In asthma, Model 1 decreased −2 LL from an initial value of 1,486 to 1,352 resulting in a model χ2 of 134 with 7 degrees of freedom (df) whereas Model 2 decreased −2 LL to 1,353 resulting in a model χ2 of 133 with 7 df. This differerence was not significant. However, the reversibilities could be eliminated as covariates from Model 2 without loss of prognostic information, resulting in a model χ2 of 133 with 5 df, for which reason Model 2 was considered the best model owing to its simplicity and comparable predictive power. Similarily in COPD, Model 1 had a χ2 of 314 with 7 df, compared with a Model 2 χ2 of 313 with 7 df, which was not significantly different. Eliminating the reversibilities from Model 2 resulted in a model χ2 of 312 with 5 df. Thus, Model 2 could also in COPD be considered the best model because it had fewer covariates and the same predictive power as Model 1.

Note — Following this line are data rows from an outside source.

lemma random_group_prob_trivial_or_Z2_ge:
  assumes m: "m \<ge> 2" and l: "l \<ge> 3" and a: "a \<ge> 1" and N: "num_relators m f l = a + b"
  shows "random_group_prob m f (\<lambda>G. G \<cong> singleton_group (undefined::int) \<or> G \<cong> integer_mod_group 2) l
     \<ge> 1 - real m * swap_miss_bound (real (2 * m - 1)) l a b"
proof -
  let ?P = "\<lambda>G. G \<cong> singleton_group (undefined::int) \<or> G \<cong> integer_mod_group 2"
  let ?T = "tuples (reduced_words m l) (a + b)"
  let ?Good = "{rs. ?P (pres_group m (set rs))}"
  let ?Bad = "\<lambda>i. {rs \<in> ?T. \<not> collapse_hits i a rs}"
  define B where "B = swap_miss_bound (real (2 * m - 1)) l a b"
  have fin: "finite ?T" by (rule finite_tuples[OF finite_reduced_words])
  have "card (reduced_words m l) > 0"
    using card_reduced_words_Suc[of m "l - 1"] l m by simp
  then have card_T: "card ?T > 0" by (simp add: card_tuples[OF finite_reduced_words])
  have "relator_tuples m f l = pmf_of_set ?T"
    unfolding relator_tuples_def N tuples_def by (simp add: conj_commute)
  then have prob: "random_group_prob m f ?P l = real (card (?T \<inter> ?Good)) / real (card ?T)"
    unfolding random_group_prob_def using fin card_T by (simp add: measure_pmf_of_set card_gt_0_iff)
  have "?T - ?Good \<subseteq> (\<Union>i<m. ?Bad i)"
  proof
    fix rs assume rs: "rs \<in> ?T - ?Good"
    then have "\<not> (\<forall>i<m. collapse_hits i a rs)"
      using pres_group_trivial_or_Z2_if_collapse_hits[OF m, of rs l a] by (auto simp: tuples_def)
    then show "rs \<in> (\<Union>i<m. ?Bad i)" using rs by blast
  qed
  then have "card (?T - ?Good) \<le> card (\<Union>i<m. ?Bad i)"
    using fin by (intro card_mono) auto
  also have "\<dots> \<le> (\<Sum>i<m. card (?Bad i))"
    by (rule card_UN_le) simp
  finally have "real (card (?T - ?Good)) \<le> (\<Sum>i<m. real (card (?Bad i)))"
    by (simp only: of_nat_le_iff flip: of_nat_sum)
  also have "\<dots> \<le> (\<Sum>i<m. real (card ?T) * B)"
  proof (intro sum_mono)
    fix i assume "i \<in> {..<m}"
    then interpret swap_triple m "collapse_x i" "collapse_y i" "collapse_z i"
      using swap_triple_collapse[OF m] by simp
    show "real (card (?Bad i)) \<le> real (card ?T) * B"
      using card_tuples_not_hits_middle_swaps_le[OF l a, of b]
      by (simp add: B_def card_tuples[OF finite_reduced_words])
  qed
  finally have bad: "real (card (?T - ?Good)) \<le> real m * real (card ?T) * B" by simp
  have "card ?T = card (?T \<inter> ?Good) + card (?T - ?Good)"
    using fin by (rule card_Int_Diff)
  then have "real (card ?T) - real m * real (card ?T) * B \<le> real (card (?T \<inter> ?Good))"
    using bad by simp
  then have "(real (card ?T) - real m * real (card ?T) * B) / real (card ?T)
      \<le> real (card (?T \<inter> ?Good)) / real (card ?T)"
    by (simp add: divide_right_mono)
  moreover have "(real (card ?T) - real m * real (card ?T) * B) / real (card ?T) = 1 - real m * B"
    using card_T by (simp add: field_simps)
  ultimately show ?thesis unfolding prob B_def by simp
qed
lemma laurent_sum_shift:
  fixes c :: "int \<Rightarrow> complex"
  assumes supp: "\<And>i. c i \<noteq> 0 \<Longrightarrow> \<bar>i\<bar> \<le> M" and "M + \<bar>k\<bar> \<le> N" and "x \<noteq> 0"
  shows "(\<Sum>i\<in>{-N..N}. c (i + k) * x powi i) = x powi (-k) * (\<Sum>i\<in>{-M..M}. c i * x powi i)"
proof -
  have "(\<Sum>i\<in>{-N..N}. c (i + k) * x powi i) = (\<Sum>i\<in>{-N+k..N+k}. c i * x powi (i - k))"
    by (rule sum.reindex_bij_witness[of _ "\<lambda>i. i - k" "\<lambda>i. i + k"]) auto
  also have "\<dots> = x powi (-k) * (\<Sum>i\<in>{-N+k..N+k}. c i * x powi i)"
    unfolding sum_distrib_left
    by (rule sum.cong) (use power_int_add[of x "-k"] \<open>x \<noteq> 0\<close> in \<open>auto simp: mult_ac\<close>)
  also have "(\<Sum>i\<in>{-N+k..N+k}. c i * x powi i) = (\<Sum>i\<in>{-M..M}. c i * x powi i)"
    by (rule sum_eq_on_common_support) (use assms in \<open>auto dest!: supp\<close>)
  finally show ?thesis .
qed

lemma laurent_coeffs_eq_0:
  fixes a :: "int \<Rightarrow> complex"
  assumes "\<And>x. x \<noteq> 0 \<Longrightarrow> (\<Sum>i\<in>{-int N..int N}. a i * x powi i) = 0"
    and "i \<in> {-int N..int N}"
  shows "a i = 0"
proof -
  define c where "c k = a (int k - int N)" for k
  have "(\<Sum>k\<le>2*N. c k * x^k) = x^N * (\<Sum>i\<in>{-int N..int N}. a i * x powi i)" if "x \<noteq> 0" for x
  proof -
    have "(\<Sum>k\<le>2*N. c k * x^k) = (\<Sum>i\<in>{-int N..int N}. a i * x powi (i + int N))"
      unfolding c_def
      by (rule sum.reindex_bij_witness[of _ "\<lambda>i. nat (i + int N)" "\<lambda>k. int k - int N"])
         (auto simp: power_int_def)
    then show ?thesis
      by (simp add: sum_distrib_left power_int_add that mult_ac)
  qed
  then have "{z. z \<noteq> 0} \<subseteq> {z. (\<Sum>k\<le>2*N. c k * z^k) = 0}"
    using assms(1) by auto
  moreover have "infinite {z::complex. z \<noteq> 0}"
  proof
    assume "finite {z::complex. z \<noteq> 0}"
    then have "finite (insert 0 {z::complex. z \<noteq> 0})"
      by simp
    moreover have "insert 0 {z::complex. z \<noteq> 0} = UNIV"
      by auto
    ultimately show False
      by (simp add: infinite_UNIV_char_0)
  qed
  ultimately have "infinite {z. (\<Sum>k\<le>2*N. c k * z^k) = 0}"
    using finite_subset by blast
  then have "\<forall>k\<le>2*N. c k = 0"
    using polyfun_finite_roots by blast
  then show ?thesis
    using assms(2) by (auto simp: c_def dest: spec[of _ "nat (i + int N)"])
qed

lemma laurent_sum_poly:
  fixes p :: "complex poly"
  assumes "degree p \<le> n"
  shows "(\<Sum>i\<in>{-int n..int n}. (if 0 \<le> i then coeff p (nat i) else 0) * x powi i) = poly p x"
proof -
  have "(\<Sum>i\<in>{-int n..int n}. (if 0 \<le> i then coeff p (nat i) else 0) * x powi i) =
      (\<Sum>i\<in>{0..int n}. (if 0 \<le> i then coeff p (nat i) else 0) * x powi i)"
  proof (rule sum_eq_on_common_support)
    fix i
    assume "(if 0 \<le> i then coeff p (nat i) else 0) * x powi i \<noteq> 0"
    then have "0 \<le> i" "coeff p (nat i) \<noteq> 0"
      by (auto split: if_splits)
    then show "i \<in> {-int n..int n} \<inter> {0..int n}"
      using le_degree[of p "nat i"] assms by auto
  qed auto
  also have "\<dots> = (\<Sum>k\<le>n. coeff p k * x ^ k)"
    by (rule sum.reindex_bij_witness[of _ int nat]) (auto simp: power_int_def)
  also have "\<dots> = poly p x"
    unfolding poly_altdef
    by (rule sum_eq_on_common_support) (use assms in \<open>auto intro: le_degree\<close>)
  finally show ?thesis .
qed

section \<open>Walks without the slit\<close>

fun line_walks :: "nat \<Rightarrow> int \<Rightarrow> complex" where
  "line_walks 0 i = (if i = 0 then 1 else 0)"
| "line_walks (Suc n) i = line_walks n (i - 1) + line_walks n (i + 1)"

lemma line_walks_eq_0: "\<bar>i\<bar> > int n \<Longrightarrow> line_walks n i = 0"
  by (induction n arbitrary: i) auto

lemma line_walks_laurent:
  assumes "x \<noteq> 0"
  shows "(\<Sum>i\<in>{-int n..int n}. line_walks n i * x powi i) = (x + 1/x) ^ n"
proof (induction n)
  case 0
  then show ?case by simp
next
  case (Suc n)
  have shift: "(\<Sum>i\<in>{-int (Suc n)..int (Suc n)}. line_walks n (i + k) * x powi i) =
      x powi (-k) * (x + 1/x) ^ n" if "\<bar>k\<bar> = 1" for k
    using laurent_sum_shift[of "line_walks n" "int n" k "int (Suc n)" x] line_walks_eq_0[of n]
      that assms Suc.IH by force
  have "(\<Sum>i\<in>{-int (Suc n)..int (Suc n)}. line_walks (Suc n) i * x powi i) =
     (\<Sum>i\<in>{-int (Suc n)..int (Suc n)}. line_walks n (i + (-1)) * x powi i) +
     (\<Sum>i\<in>{-int (Suc n)..int (Suc n)}. line_walks n (i + 1) * x powi i)"
    by (simp add: sum.distrib algebra_simps)
  also have "\<dots> = (x + 1/x) ^ Suc n"
    using shift[of "-1"] shift[of 1] assms by (simp add: field_simps power_int_minus)
  finally show ?case .
qed

lemma line_walks_laurent_le:
  assumes "n \<le> N" "x \<noteq> 0"
  shows "(\<Sum>i\<in>{-int N..int N}. line_walks n i * x powi i) = (x + 1/x) ^ n"
  using sum_eq_on_common_support[of "{-int N..int N}" "{-int n..int n}" "\<lambda>i. line_walks n i * x powi i"]
    line_walks_eq_0[of n] line_walks_laurent[OF assms(2), of n] assms(1)
  by (force simp: not_less)

lemma line_walks_closed_form:
  "line_walks n i = (if even (int n + i) \<and> \<bar>i\<bar> \<le> int n
                     then of_nat (n choose nat ((int n + i) div 2)) else 0)"
proof (induction n arbitrary: i)
  case 0
  then show ?case by auto
next
  case (Suc n)
  show ?case
  proof (cases "even (int n + 1 + i) \<and> \<bar>i\<bar> \<le> int n + 1")
    case False
    then show ?thesis using Suc by auto
  next
    case True
    then obtain k where "int n + 1 + i = 2 * k"
      by (meson evenE)
    then have k: "int n + 1 + i = 2 * k" "0 \<le> k" "k \<le> int n + 1"
      using True by auto
    have l: "int n + (i - 1) = 2 * (k - 1)" "\<bar>i - 1\<bar> \<le> int n \<longleftrightarrow> 1 \<le> k"
      using k by auto
    have left: "line_walks n (i - 1) = (if 1 \<le> k then of_nat (n choose nat (k - 1)) else 0)"
      using Suc[of "i - 1"] unfolding l(1) by (simp add: l(2))
    have r: "int n + (i + 1) = 2 * k" "\<bar>i + 1\<bar> \<le> int n \<longleftrightarrow> k \<le> int n"
      using k by auto
    have right: "line_walks n (i + 1) = (if k \<le> int n then of_nat (n choose nat k) else 0)"
      using Suc[of "i + 1"] unfolding r(1) by (simp add: r(2))
    have pascal: "of_nat (Suc n choose nat k) =
        (if 1 \<le> k then of_nat (n choose nat (k - 1)) else 0) +
        (if k \<le> int n then of_nat (n choose nat k) else (0::complex))"
    proof (cases "k = 0")
      case False
      then obtain j where j: "nat k = Suc j"
        using k by (metis nat_eq_iff2 not0_implies_Suc of_nat_eq_0_iff)
      then show ?thesis
        using False k by (auto simp: binomial_eq_0 nat_diff_distrib)
    qed simp
    have "even (int (Suc n) + i) \<and> \<bar>i\<bar> \<le> int (Suc n)"
      using True by (simp add: add.assoc)
    moreover have "nat ((int (Suc n) + i) div 2) = nat k"
      using k by simp
    ultimately show ?thesis
      by (simp only: simp_thms if_True line_walks.simps left right pascal)
  qed
qed

lemma line_walks_origin: "line_walks l 0 = (if even l then of_nat (l choose (l div 2)) else 0)"
  by (simp add: line_walks_closed_form nat_div_distrib)

text \<open>A walk of length \<open>m\<close> with \<open>l\<close> vertical steps interleaves a horizontal walk of length
  \<open>m - l\<close> with a vertical one of length \<open>l\<close>.\<close>
definition free_walks :: "complex \<Rightarrow> nat \<Rightarrow> int \<times> int \<Rightarrow> complex" where
  "free_walks v m q =
     (\<Sum>l\<le>m. of_nat (m choose l) * v ^ l * line_walks (m - l) (fst q) * line_walks l (snd q))"

lemma free_walks_eq_0:
  assumes "\<bar>i\<bar> > int m \<or> \<bar>j\<bar> > int m"
  shows "free_walks v m (i, j) = 0"
  unfolding free_walks_def
  by (rule sum.neutral) (use assms line_walks_eq_0 in force)

lemma free_walks_0: "free_walks v 0 q = (if q = (0, 0) then 1 else 0)"
  by (cases q) (auto simp: free_walks_def)

lemma sum_binomial_Suc:
  fixes F :: "nat \<Rightarrow> 'a::comm_semiring_1"
  shows "(\<Sum>l\<le>Suc m. of_nat (Suc m choose l) * F l) =
         (\<Sum>l\<le>m. of_nat (m choose l) * F l) + (\<Sum>l\<le>m. of_nat (m choose l) * F (Suc l))"
proof -
  have "(\<Sum>l\<le>Suc m. of_nat (Suc m choose l) * F l) =
      (F 0 + (\<Sum>l\<le>m. of_nat (m choose Suc l) * F (Suc l))) + (\<Sum>l\<le>m. of_nat (m choose l) * F (Suc l))"
    by (subst sum.atMost_Suc_shift) (simp add: sum.distrib algebra_simps)
  also have "F 0 + (\<Sum>l\<le>m. of_nat (m choose Suc l) * F (Suc l)) = (\<Sum>l\<le>Suc m. of_nat (m choose l) * F l)"
    by (subst sum.atMost_Suc_shift) simp
  also have "\<dots> = (\<Sum>l\<le>m. of_nat (m choose l) * F l)"
    by (simp add: binomial_eq_0)
  finally show ?thesis .
qed

lemma free_walks_Suc:
  "free_walks v (Suc m) (i, j) =
     free_walks v m (i - 1, j) + free_walks v m (i + 1, j) +
     v * free_walks v m (i, j - 1) + v * free_walks v m (i, j + 1)"
proof -
  have "free_walks v (Suc m) (i, j) =
      (\<Sum>l\<le>Suc m. of_nat (Suc m choose l) * (v ^ l * line_walks (Suc m - l) i * line_walks l j))"
    unfolding free_walks_def by (simp add: algebra_simps)
  also have "\<dots> = (\<Sum>l\<le>m. of_nat (m choose l) * (v ^ l * line_walks (Suc m - l) i * line_walks l j)) +
      (\<Sum>l\<le>m. of_nat (m choose l) * (v ^ Suc l * line_walks (m - l) i * line_walks (Suc l) j))"
    by (subst sum_binomial_Suc) simp
  also have "\<dots> = free_walks v m (i - 1, j) + free_walks v m (i + 1, j) +
      (v * free_walks v m (i, j - 1) + v * free_walks v m (i, j + 1))"
    unfolding free_walks_def
    by (simp add: Suc_diff_le sum.distrib sum_distrib_left algebra_simps)
  finally show ?thesis by simp
qed

lemma free_walks_laurent:
  assumes "x \<noteq> 0" "y \<noteq> 0" "m \<le> M" "m \<le> N"
  shows "(\<Sum>q\<in>{-int M..int M} \<times> {-int N..int N}. free_walks v m q * (x powi fst q * y powi snd q)) =
    (x + 1/x + v * (y + 1/y)) ^ m"
proof -
  have "(\<Sum>q\<in>{-int M..int M} \<times> {-int N..int N}. free_walks v m q * (x powi fst q * y powi snd q)) =
      (\<Sum>l\<le>m. of_nat (m choose l) * v ^ l *
         (\<Sum>i\<in>{-int M..int M}. line_walks (m - l) i * x powi i) *
         (\<Sum>j\<in>{-int N..int N}. line_walks l j * y powi j))"
    unfolding free_walks_def sum.cartesian_product'
    by (simp add: sum_distrib_left sum_distrib_right sum.swap[of _ "{..m}"] mult_ac)
  also have "\<dots> = (\<Sum>l\<le>m. of_nat (m choose l) * (v * (y + 1/y)) ^ l * (x + 1/x) ^ (m - l))"
  proof (rule sum.cong[OF refl])
    fix l assume "l \<in> {..m}"
    then have "m - l \<le> M" "l \<le> N"
      using assms by auto
    then show "of_nat (m choose l) * v ^ l * (\<Sum>i\<in>{-int M..int M}. line_walks (m - l) i * x powi i) *
        (\<Sum>j\<in>{-int N..int N}. line_walks l j * y powi j) =
        of_nat (m choose l) * (v * (y + 1/y)) ^ l * (x + 1/x) ^ (m - l)"
      by (simp add: line_walks_laurent_le assms power_mult_distrib)
  qed
  also have "\<dots> = (v * (y + 1/y) + (x + 1/x)) ^ m"
    by (rule binomial_ring[symmetric])
  also have "\<dots> = (x + 1/x + v * (y + 1/y)) ^ m"
    by (simp only: add.commute)
  finally show ?thesis .
qed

In Model 2, which we considered the final model, age came out as a strong and significant predictor (p < 0.0005) with a relative risk (RR) ratio of 2.2 per 10 yr of age for asthmatic subjects and a RR of 1.8 for subjects with COPD. Best FEV1 %p was also a highly significant predictor (p < 0.0005) with a RR of 0.63 per 15% for asthmatic subjects and a RR of 0.62 per 15% for subjects with COPD. Heavy smokers had an elevated risk compared with never- and ex-smokers, irrespective of disease. However, moderate smoking only contributed to a significantly elevated risk among COPD subjects but not among asthmatics. Gender did not significantly contribute to survival prediction, despite a tendency toward higher risk for male subjects than for females.

In Model 1 bronchodilator and corticosteroid reversibility came out as significantly positive predictors (p < 0.0005). In Model 2 where baseline FEV1 %p was substituted for best FEV1 %p—which typically was the FEV1 measured after corticosteroid and bronchodilator—none of the reversibilities was significant and the RR estimates approximated one.

Reversibility expressed in absolute values, relative to baseline FEV1 and relative to predicted minus baseline FEV1 were tested in both models but did not improve the predictive power, and all became nonsignificant when best FEV1 %p was introduced as predictor.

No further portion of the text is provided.